[Data]

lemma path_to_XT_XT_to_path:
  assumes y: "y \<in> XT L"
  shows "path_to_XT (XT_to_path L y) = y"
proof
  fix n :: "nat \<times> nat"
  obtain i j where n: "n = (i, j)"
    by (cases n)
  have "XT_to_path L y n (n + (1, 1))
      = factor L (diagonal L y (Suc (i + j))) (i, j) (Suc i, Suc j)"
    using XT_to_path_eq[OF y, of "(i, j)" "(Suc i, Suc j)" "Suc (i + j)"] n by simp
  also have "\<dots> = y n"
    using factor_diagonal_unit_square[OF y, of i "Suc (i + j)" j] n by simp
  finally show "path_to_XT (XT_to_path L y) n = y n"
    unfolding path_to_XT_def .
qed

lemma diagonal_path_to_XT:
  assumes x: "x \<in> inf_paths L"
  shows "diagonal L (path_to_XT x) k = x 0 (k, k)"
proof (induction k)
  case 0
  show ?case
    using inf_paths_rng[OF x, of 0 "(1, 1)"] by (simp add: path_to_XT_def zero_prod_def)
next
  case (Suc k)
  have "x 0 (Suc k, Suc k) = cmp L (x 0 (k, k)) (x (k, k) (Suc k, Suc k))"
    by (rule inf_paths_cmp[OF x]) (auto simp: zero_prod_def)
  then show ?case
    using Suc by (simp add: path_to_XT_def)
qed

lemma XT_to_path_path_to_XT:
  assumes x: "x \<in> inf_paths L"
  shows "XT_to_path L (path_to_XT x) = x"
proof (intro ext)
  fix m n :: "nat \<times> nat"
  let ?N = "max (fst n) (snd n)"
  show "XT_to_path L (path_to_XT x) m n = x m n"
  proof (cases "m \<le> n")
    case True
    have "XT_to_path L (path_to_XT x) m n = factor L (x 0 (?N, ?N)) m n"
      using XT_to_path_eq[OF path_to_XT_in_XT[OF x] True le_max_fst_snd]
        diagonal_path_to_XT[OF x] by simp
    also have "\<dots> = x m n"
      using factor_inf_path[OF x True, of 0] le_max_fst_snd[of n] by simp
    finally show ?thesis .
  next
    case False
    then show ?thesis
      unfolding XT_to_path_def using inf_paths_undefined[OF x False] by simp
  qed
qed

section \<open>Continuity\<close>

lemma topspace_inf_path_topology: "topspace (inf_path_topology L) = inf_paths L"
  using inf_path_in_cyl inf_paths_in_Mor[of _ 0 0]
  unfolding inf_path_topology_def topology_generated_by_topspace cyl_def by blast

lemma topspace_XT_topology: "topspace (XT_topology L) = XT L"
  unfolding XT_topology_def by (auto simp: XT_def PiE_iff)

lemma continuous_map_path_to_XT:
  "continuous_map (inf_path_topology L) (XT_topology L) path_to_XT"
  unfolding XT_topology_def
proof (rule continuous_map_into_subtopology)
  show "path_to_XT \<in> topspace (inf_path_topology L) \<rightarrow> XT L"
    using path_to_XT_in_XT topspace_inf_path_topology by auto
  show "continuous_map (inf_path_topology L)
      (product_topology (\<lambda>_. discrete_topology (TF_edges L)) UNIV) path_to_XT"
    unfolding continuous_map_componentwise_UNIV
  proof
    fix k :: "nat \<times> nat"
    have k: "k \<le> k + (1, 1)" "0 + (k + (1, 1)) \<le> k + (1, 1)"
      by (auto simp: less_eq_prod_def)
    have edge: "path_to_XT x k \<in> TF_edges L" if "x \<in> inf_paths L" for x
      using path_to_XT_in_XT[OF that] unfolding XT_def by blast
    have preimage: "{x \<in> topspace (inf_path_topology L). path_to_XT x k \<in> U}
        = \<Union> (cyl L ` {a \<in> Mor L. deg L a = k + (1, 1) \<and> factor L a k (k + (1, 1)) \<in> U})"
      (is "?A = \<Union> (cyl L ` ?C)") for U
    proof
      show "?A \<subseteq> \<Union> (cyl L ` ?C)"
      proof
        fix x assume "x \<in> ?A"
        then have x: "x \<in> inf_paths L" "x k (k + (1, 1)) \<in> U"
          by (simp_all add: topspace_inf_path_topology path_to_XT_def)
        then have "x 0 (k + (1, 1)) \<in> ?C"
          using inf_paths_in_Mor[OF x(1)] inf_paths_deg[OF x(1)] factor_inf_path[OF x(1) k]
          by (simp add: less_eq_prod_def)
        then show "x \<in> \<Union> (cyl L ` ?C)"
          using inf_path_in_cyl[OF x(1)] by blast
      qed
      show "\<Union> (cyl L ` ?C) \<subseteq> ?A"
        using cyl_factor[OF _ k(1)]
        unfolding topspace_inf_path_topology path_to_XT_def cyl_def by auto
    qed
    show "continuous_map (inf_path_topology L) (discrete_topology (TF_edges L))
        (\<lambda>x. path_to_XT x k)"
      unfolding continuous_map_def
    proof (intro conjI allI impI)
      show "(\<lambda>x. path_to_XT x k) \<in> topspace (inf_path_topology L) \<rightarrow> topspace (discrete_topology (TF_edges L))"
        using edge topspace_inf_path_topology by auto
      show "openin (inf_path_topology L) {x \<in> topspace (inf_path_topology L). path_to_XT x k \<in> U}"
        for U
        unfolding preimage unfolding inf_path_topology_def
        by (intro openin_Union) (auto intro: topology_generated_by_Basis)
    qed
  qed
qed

[/Data]

* Exercise aim
Please output the records once more, exactly as they were written.

* Written reply
lemma path_to_XT_XT_to_path:
  assumes y: "y \<in> XT L"
  shows "path_to_XT (XT_to_path L y) = y"
proof
  fix n :: "nat \<times> nat"
  obtain i j where n: "n = (i, j)"
    by (cases n)
  have "XT_to_path L y n (n + (1, 1))
      = factor L (diagonal L y (Suc (i + j))) (i, j) (Suc i, Suc j)"
    using XT_to_path_eq[OF y, of "(i, j)" "(Suc i, Suc j)" "Suc (i + j)"] n by simp
  also have "\<dots> = y n"
    using factor_diagonal_unit_square[OF y, of i "Suc (i + j)" j] n by simp
  finally show "path_to_XT (XT_to_path L y) n = y n"
    unfolding path_to_XT_def .
qed

lemma diagonal_path_to_XT:
  assumes x: "x \<in> inf_paths L"
  shows "diagonal L (path_to_XT x) k = x 0 (k, k)"
proof (induction k)
  case 0
  show ?case
    using inf_paths_rng[OF x, of 0 "(1, 1)"] by (simp add: path_to_XT_def zero_prod_def)
next
  case (Suc k)
  have "x 0 (Suc k, Suc k) = cmp L (x 0 (k, k)) (x (k, k) (Suc k, Suc k))"
    by (rule inf_paths_cmp[OF x]) (auto simp: zero_prod_def)
  then show ?case
    using Suc by (simp add: path_to_XT_def)
qed

lemma XT_to_path_path_to_XT:
  assumes x: "x \<in> inf_paths L"
  shows "XT_to_path L (path_to_XT x) = x"
proof (intro ext)
  fix m n :: "nat \<times> nat"
  let ?N = "max (fst n) (snd n)"
  show "XT_to_path L (path_to_XT x) m n = x m n"
  proof (cases "m \<le> n")
    case True
    have "XT_to_path L (path_to_XT x) m n = factor L (x 0 (?N, ?N)) m n"
      using XT_to_path_eq[OF path_to_XT_in_XT[OF x] True le_max_fst_snd]
        diagonal_path_to_XT[OF x] by simp
    also have "\<dots> = x m n"
      using factor_inf_path[OF x True, of 0] le_max_fst_snd[of n] by simp
    finally show ?thesis .
  next
    case False
    then show ?thesis
      unfolding XT_to_path_def using inf_paths_undefined[OF x False] by simp
  qed
qed

section \<open>Continuity\<close>

lemma topspace_inf_path_topology: "topspace (inf_path_topology L) = inf_paths L"
  using inf_path_in_cyl inf_paths_in_Mor[of _ 0 0]
  unfolding inf_path_topology_def topology_generated_by_topspace cyl_def by blast

lemma topspace_XT_topology: "topspace (XT_topology L) = XT L"
  unfolding XT_topology_def by (auto simp: XT_def PiE_iff)

lemma continuous_map_path_to_XT:
  "continuous_map (inf_path_topology L) (XT_topology L) path_to_XT"
  unfolding XT_topology_def
proof (rule continuous_map_into_subtopology)
  show "path_to_XT \<in> topspace (inf_path_topology L) \<rightarrow> XT L"
    using path_to_XT_in_XT topspace_inf_path_topology by auto
  show "continuous_map (inf_path_topology L)
      (product_topology (\<lambda>_. discrete_topology (TF_edges L)) UNIV) path_to_XT"
    unfolding continuous_map_componentwise_UNIV
  proof
    fix k :: "nat \<times> nat"
    have k: "k \<le> k + (1, 1)" "0 + (k + (1, 1)) \<le> k + (1, 1)"
      by (auto simp: less_eq_prod_def)
    have edge: "path_to_XT x k \<in> TF_edges L" if "x \<in> inf_paths L" for x
      using path_to_XT_in_XT[OF that] unfolding XT_def by blast
    have preimage: "{x \<in> topspace (inf_path_topology L). path_to_XT x k \<in> U}
        = \<Union> (cyl L ` {a \<in> Mor L. deg L a = k + (1, 1) \<and> factor L a k (k + (1, 1)) \<in> U})"
      (is "?A = \<Union> (cyl L ` ?C)") for U
    proof
      show "?A \<subseteq> \<Union> (cyl L ` ?C)"
      proof
        fix x assume "x \<in> ?A"
        then have x: "x \<in> inf_paths L" "x k (k + (1, 1)) \<in> U"
          by (simp_all add: topspace_inf_path_topology path_to_XT_def)
        then have "x 0 (k + (1, 1)) \<in> ?C"
          using inf_paths_in_Mor[OF x(1)] inf_paths_deg[OF x(1)] factor_inf_path[OF x(1) k]
          by (simp add: less_eq_prod_def)
        then show "x \<in> \<Union> (cyl L ` ?C)"
          using inf_path_in_cyl[OF x(1)] by blast
      qed
      show "\<Union> (cyl L ` ?C) \<subseteq> ?A"
        using cyl_factor[OF _ k(1)]
        unfolding topspace_inf_path_topology path_to_XT_def cyl_def by auto
    qed
    show "continuous_map (inf_path_topology L) (discrete_topology (TF_edges L))
        (\<lambda>x. path_to_XT x k)"
      unfolding continuous_map_def
    proof (intro conjI allI impI)
      show "(\<lambda>x. path_to_XT x k) \<in> topspace (inf_path_topology L) \<rightarrow> topspace (discrete_topology (TF_edges L))"
        using edge topspace_inf_path_topology by auto
      show "openin (inf_path_topology L) {x \<in> topspace (inf_path_topology L). path_to_XT x k \<in> U}"
        for U
        unfolding preimage unfolding inf_path_topology_def
        by (intro openin_Union) (auto intro: topology_generated_by_Basis)
    qed
  qed
qed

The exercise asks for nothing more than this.